▶ [Task statement]: Count the lines in the entries that contain "rule". Say the number and nothing more.

▶ [Data provided]:
BEGIN
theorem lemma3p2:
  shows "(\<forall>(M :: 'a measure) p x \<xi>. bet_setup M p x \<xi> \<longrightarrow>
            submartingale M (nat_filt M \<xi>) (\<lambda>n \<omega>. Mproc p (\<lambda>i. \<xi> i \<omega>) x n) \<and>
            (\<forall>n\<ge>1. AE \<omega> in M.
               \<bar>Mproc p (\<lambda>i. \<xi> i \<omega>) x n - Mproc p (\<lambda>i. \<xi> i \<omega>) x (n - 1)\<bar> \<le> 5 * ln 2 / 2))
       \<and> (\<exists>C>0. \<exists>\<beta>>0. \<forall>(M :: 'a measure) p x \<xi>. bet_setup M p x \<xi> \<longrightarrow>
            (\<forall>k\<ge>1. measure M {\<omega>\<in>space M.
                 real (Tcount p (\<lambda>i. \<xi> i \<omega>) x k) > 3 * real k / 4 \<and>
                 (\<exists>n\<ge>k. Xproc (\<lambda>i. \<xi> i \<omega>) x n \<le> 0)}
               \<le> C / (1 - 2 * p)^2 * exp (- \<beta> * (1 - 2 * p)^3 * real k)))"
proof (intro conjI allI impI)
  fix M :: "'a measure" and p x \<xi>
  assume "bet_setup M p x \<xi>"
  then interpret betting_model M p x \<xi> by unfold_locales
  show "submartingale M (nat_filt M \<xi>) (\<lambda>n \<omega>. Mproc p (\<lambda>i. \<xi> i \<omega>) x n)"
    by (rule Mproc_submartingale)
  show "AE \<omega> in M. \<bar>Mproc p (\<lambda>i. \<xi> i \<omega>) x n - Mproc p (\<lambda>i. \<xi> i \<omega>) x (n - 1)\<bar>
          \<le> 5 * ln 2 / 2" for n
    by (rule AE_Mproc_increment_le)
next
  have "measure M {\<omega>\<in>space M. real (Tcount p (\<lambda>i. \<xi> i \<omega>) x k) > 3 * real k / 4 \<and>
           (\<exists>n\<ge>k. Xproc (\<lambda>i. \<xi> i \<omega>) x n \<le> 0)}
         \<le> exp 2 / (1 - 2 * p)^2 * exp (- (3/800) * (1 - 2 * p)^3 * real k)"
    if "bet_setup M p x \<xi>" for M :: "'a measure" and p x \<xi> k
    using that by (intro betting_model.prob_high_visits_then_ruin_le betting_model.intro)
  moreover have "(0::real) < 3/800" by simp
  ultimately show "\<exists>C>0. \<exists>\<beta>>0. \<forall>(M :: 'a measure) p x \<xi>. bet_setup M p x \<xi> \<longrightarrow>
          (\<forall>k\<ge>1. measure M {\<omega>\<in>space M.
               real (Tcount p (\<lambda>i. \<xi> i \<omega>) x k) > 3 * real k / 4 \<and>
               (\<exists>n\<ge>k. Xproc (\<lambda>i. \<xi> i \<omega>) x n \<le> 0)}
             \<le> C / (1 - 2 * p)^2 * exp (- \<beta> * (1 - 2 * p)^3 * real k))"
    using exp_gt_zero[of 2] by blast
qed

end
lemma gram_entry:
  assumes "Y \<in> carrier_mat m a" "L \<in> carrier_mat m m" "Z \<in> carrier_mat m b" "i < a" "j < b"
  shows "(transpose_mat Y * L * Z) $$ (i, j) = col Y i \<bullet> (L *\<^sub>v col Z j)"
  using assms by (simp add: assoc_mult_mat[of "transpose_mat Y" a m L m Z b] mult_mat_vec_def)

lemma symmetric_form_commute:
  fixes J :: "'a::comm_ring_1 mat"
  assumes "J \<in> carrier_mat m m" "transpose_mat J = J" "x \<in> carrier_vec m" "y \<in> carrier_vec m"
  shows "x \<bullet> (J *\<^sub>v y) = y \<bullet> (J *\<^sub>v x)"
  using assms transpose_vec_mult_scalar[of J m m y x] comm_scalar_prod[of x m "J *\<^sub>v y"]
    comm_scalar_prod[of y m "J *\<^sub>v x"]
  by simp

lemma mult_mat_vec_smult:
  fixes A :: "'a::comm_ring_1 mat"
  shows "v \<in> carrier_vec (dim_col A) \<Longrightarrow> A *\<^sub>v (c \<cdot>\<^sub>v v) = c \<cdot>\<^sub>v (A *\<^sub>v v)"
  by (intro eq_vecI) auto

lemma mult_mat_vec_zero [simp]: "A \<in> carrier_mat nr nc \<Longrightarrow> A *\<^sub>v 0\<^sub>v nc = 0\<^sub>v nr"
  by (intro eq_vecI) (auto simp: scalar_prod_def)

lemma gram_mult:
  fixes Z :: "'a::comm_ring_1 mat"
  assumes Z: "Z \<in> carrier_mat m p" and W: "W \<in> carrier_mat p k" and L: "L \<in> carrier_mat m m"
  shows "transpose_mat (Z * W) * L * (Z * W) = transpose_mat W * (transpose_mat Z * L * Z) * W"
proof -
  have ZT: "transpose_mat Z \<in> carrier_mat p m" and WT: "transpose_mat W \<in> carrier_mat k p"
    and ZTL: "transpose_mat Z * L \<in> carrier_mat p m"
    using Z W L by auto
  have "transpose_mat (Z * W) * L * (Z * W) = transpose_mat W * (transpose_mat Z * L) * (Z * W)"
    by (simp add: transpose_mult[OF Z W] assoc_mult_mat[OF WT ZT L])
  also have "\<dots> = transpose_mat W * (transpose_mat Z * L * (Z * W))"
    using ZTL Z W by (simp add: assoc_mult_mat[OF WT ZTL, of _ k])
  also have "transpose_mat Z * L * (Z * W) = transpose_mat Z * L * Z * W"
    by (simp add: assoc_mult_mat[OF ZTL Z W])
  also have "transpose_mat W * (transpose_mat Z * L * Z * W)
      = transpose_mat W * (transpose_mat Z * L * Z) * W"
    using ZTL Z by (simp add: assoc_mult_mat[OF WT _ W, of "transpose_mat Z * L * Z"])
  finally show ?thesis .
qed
END
BEGIN
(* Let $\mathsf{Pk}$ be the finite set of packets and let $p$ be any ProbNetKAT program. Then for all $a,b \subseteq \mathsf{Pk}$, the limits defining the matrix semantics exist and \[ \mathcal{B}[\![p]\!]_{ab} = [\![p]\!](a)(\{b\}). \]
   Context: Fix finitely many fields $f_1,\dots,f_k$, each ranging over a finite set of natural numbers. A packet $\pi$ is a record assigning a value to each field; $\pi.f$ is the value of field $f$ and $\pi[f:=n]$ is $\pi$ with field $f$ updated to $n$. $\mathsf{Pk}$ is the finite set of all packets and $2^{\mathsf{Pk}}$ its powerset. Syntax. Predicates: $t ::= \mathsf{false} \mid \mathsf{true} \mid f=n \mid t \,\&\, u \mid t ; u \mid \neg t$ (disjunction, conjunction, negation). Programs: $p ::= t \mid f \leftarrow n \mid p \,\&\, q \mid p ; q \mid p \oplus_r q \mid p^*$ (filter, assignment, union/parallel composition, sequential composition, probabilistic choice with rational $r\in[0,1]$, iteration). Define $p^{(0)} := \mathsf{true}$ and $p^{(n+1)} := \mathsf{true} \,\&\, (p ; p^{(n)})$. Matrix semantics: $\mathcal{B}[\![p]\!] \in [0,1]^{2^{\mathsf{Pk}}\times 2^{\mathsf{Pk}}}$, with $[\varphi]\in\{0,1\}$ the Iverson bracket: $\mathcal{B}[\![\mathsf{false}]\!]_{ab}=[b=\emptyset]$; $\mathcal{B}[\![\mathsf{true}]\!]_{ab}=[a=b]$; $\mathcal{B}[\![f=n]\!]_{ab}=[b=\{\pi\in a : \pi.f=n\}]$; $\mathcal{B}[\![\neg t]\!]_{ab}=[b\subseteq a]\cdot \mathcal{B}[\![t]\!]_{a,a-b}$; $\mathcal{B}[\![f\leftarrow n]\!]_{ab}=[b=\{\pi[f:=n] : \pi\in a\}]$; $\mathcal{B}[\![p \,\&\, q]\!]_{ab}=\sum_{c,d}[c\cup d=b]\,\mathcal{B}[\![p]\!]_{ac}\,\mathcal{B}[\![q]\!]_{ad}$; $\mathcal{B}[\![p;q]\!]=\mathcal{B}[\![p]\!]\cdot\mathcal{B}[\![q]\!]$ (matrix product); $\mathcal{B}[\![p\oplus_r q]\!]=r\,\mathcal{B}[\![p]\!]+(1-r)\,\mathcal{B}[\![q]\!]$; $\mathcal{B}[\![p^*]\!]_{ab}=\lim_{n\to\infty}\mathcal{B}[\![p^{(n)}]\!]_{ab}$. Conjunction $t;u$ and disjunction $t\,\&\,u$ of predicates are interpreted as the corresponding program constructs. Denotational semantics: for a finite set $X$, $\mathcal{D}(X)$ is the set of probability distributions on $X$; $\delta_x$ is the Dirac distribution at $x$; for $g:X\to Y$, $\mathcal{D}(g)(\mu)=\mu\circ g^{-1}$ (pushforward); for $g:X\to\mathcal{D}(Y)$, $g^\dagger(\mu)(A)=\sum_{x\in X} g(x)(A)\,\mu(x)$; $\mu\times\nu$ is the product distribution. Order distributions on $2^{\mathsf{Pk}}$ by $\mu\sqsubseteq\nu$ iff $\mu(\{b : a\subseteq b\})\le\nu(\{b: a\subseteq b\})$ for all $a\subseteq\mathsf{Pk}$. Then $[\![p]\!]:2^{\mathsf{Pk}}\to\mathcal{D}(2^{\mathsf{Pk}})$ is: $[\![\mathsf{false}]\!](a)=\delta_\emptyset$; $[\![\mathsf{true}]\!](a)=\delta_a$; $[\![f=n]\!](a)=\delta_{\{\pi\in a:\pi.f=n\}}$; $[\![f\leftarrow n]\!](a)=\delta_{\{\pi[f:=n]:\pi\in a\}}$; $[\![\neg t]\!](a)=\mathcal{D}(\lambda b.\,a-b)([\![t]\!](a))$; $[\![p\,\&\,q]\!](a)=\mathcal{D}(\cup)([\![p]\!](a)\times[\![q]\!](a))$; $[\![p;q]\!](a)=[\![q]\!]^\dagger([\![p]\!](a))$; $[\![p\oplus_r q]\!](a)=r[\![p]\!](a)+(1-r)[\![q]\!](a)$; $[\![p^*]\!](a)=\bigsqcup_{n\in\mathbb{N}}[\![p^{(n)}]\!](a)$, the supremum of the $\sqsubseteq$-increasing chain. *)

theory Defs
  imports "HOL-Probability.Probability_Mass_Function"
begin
END
▶ [Exercise output]: 2